Try it »
With the line containing "Minkowski form of" as the start and the line containing "by (simp add: field_simps power2_eq_square)" as the end, transcribe that span of the entries below exactly, including both.

Extracted entries »
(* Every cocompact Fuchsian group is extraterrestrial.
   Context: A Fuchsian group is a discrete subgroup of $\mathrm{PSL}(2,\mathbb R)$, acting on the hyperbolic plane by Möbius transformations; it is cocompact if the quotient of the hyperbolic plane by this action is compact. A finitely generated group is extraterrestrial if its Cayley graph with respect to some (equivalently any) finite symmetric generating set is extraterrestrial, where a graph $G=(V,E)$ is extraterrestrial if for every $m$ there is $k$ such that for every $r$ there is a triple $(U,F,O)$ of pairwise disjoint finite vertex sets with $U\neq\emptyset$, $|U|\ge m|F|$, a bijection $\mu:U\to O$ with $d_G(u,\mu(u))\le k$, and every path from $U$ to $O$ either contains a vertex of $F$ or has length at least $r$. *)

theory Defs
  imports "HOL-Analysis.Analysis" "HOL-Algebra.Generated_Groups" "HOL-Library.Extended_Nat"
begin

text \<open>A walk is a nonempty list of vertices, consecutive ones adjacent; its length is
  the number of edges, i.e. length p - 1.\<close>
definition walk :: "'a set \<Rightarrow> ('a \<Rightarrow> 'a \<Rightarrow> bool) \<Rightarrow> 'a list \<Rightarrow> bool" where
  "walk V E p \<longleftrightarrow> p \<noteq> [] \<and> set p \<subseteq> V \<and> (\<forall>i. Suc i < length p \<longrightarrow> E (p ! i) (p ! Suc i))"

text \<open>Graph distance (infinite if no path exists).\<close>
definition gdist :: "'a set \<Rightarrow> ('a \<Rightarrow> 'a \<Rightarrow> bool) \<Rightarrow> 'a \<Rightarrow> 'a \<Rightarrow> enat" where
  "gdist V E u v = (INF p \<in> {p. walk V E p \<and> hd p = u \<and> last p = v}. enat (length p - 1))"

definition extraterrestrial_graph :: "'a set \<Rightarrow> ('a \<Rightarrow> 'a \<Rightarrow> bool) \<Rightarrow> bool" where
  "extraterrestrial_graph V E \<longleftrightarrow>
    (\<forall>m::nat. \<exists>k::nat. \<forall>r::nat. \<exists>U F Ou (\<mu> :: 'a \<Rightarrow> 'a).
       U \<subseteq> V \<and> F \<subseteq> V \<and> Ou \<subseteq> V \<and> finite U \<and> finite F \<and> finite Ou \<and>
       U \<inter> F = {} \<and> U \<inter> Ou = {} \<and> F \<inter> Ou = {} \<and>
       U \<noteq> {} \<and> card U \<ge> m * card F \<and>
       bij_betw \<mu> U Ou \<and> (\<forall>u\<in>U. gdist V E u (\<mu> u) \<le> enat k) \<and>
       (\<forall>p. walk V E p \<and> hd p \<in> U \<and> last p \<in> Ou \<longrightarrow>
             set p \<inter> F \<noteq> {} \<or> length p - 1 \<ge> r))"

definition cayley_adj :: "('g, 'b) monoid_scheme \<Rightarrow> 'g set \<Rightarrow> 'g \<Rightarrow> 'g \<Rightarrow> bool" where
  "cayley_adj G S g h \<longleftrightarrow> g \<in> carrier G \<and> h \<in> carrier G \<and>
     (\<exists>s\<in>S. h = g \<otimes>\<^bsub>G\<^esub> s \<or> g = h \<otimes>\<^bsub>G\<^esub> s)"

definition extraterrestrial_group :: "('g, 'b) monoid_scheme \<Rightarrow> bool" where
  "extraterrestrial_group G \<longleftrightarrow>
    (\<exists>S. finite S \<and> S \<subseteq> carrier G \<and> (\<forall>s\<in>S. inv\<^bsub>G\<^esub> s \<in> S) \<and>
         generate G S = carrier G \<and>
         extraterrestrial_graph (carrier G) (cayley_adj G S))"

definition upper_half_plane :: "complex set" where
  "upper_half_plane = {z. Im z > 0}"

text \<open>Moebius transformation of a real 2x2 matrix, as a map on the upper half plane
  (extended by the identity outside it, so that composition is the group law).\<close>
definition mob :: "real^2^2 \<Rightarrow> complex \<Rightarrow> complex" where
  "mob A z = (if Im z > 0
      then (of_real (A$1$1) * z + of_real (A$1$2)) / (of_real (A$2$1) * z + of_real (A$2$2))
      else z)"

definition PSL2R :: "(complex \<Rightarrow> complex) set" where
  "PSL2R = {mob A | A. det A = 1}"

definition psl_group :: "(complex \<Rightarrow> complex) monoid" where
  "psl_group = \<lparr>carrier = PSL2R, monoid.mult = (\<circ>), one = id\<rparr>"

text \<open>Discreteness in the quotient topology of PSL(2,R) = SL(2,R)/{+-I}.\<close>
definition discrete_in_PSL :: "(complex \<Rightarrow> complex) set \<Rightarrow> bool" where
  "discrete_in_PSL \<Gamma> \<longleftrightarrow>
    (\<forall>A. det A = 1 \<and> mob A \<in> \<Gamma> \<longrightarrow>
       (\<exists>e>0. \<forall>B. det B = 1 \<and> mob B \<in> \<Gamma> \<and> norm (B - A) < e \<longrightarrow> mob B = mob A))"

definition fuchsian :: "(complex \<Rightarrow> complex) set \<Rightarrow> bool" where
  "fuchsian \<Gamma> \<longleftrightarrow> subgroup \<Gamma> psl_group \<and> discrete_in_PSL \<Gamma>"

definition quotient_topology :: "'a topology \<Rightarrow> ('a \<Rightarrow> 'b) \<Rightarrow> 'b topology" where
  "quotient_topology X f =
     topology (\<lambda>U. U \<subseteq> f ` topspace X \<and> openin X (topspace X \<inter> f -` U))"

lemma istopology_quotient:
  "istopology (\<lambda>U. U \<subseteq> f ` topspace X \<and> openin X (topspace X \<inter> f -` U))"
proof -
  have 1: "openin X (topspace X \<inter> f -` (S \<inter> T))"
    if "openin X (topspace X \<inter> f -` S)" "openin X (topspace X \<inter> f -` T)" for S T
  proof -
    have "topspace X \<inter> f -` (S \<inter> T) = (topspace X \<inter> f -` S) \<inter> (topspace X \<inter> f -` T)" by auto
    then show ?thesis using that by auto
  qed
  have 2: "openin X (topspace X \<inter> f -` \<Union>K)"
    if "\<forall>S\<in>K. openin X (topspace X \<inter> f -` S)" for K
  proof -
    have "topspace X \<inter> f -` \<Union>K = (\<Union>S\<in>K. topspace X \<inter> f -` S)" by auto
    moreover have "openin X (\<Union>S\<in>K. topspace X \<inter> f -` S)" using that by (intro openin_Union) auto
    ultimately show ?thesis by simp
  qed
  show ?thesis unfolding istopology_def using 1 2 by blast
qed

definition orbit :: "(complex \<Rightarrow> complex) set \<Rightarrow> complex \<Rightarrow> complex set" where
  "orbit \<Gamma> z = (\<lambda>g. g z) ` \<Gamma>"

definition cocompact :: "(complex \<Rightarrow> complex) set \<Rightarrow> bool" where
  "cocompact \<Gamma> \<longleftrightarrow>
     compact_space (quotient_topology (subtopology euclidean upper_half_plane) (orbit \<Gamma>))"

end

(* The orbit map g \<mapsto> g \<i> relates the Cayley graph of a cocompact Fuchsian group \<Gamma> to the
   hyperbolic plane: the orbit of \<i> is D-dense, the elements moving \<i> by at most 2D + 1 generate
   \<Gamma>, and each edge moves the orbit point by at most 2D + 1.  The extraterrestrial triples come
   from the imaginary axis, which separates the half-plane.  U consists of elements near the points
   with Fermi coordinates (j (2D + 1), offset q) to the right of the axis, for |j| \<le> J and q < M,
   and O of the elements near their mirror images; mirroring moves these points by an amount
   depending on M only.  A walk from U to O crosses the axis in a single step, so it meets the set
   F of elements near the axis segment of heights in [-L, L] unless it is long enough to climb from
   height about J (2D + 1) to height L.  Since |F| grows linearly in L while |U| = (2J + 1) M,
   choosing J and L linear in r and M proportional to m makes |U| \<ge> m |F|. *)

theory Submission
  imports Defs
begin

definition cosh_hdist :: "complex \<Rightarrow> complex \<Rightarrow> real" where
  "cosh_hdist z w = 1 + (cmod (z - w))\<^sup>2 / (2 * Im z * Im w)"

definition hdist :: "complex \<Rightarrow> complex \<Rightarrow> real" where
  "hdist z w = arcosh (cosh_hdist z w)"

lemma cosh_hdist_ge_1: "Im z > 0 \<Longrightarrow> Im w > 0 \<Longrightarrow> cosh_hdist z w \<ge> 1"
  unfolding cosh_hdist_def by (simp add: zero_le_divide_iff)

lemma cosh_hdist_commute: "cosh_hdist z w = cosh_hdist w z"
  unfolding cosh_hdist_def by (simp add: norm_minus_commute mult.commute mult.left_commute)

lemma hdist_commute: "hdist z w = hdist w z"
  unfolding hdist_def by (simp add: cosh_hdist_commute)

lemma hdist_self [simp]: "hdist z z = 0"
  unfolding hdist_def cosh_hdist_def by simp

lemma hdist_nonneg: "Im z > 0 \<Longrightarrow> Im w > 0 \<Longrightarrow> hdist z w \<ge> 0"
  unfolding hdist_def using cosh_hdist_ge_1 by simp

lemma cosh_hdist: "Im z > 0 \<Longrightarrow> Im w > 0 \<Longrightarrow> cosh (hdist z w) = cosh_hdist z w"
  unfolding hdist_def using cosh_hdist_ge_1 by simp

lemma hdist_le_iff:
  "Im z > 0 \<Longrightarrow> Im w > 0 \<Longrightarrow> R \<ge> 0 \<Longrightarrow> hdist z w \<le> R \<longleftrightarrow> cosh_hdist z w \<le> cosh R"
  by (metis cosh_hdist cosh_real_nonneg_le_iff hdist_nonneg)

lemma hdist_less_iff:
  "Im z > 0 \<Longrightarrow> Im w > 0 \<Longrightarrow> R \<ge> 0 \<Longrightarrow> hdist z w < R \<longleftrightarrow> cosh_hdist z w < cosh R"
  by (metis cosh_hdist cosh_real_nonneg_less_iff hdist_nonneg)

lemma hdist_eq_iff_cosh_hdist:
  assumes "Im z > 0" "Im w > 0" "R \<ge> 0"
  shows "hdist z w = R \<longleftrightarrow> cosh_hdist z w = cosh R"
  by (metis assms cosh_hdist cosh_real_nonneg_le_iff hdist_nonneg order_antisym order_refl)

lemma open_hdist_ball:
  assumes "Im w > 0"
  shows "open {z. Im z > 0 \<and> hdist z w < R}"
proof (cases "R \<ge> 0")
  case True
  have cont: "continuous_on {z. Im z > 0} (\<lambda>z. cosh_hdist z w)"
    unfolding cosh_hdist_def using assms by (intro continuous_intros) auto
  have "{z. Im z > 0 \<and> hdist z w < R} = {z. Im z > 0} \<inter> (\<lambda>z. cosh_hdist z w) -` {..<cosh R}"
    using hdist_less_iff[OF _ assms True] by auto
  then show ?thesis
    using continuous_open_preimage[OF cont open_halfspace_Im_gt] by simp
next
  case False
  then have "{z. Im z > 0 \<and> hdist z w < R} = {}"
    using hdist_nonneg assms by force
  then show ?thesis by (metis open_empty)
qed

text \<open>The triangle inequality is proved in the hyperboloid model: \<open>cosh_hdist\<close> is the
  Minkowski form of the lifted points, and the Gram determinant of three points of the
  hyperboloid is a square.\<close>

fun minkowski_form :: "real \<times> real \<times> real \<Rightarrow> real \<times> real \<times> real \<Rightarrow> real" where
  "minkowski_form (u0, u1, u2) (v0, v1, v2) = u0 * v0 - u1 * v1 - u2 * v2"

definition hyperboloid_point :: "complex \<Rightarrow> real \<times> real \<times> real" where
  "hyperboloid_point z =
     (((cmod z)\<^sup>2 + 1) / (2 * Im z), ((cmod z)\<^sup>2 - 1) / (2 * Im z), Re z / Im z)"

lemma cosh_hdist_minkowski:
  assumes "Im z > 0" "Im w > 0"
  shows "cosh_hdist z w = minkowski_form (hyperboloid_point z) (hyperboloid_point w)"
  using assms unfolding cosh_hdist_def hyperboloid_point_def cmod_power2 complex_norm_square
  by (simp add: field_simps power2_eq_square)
---
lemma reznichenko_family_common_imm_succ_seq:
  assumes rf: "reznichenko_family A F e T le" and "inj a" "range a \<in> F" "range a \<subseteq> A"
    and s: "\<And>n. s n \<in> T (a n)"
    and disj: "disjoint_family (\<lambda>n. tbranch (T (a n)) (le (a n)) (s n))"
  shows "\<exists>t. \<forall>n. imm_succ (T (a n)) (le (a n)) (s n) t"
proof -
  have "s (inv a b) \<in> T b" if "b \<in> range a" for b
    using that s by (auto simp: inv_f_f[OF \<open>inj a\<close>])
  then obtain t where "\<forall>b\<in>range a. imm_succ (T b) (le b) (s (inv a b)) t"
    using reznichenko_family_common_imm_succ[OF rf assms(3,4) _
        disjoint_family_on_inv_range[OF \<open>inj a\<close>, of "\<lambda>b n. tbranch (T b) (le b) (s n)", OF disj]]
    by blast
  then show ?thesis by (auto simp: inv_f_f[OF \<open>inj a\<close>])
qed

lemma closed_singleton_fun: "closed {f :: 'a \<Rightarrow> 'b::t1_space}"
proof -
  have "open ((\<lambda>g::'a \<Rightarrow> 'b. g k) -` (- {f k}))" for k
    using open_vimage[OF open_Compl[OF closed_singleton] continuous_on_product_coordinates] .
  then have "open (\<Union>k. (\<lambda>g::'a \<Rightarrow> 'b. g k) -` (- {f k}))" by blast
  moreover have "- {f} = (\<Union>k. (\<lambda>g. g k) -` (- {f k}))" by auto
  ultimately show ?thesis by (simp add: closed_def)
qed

Exercise result »
  Minkowski form of the lifted points, and the Gram determinant of three points of the
  hyperboloid is a square.\<close>

fun minkowski_form :: "real \<times> real \<times> real \<Rightarrow> real \<times> real \<times> real \<Rightarrow> real" where
  "minkowski_form (u0, u1, u2) (v0, v1, v2) = u0 * v0 - u1 * v1 - u2 * v2"

definition hyperboloid_point :: "complex \<Rightarrow> real \<times> real \<times> real" where
  "hyperboloid_point z =
     (((cmod z)\<^sup>2 + 1) / (2 * Im z), ((cmod z)\<^sup>2 - 1) / (2 * Im z), Re z / Im z)"

lemma cosh_hdist_minkowski:
  assumes "Im z > 0" "Im w > 0"
  shows "cosh_hdist z w = minkowski_form (hyperboloid_point z) (hyperboloid_point w)"
  using assms unfolding cosh_hdist_def hyperboloid_point_def cmod_power2 complex_norm_square
  by (simp add: field_simps power2_eq_square)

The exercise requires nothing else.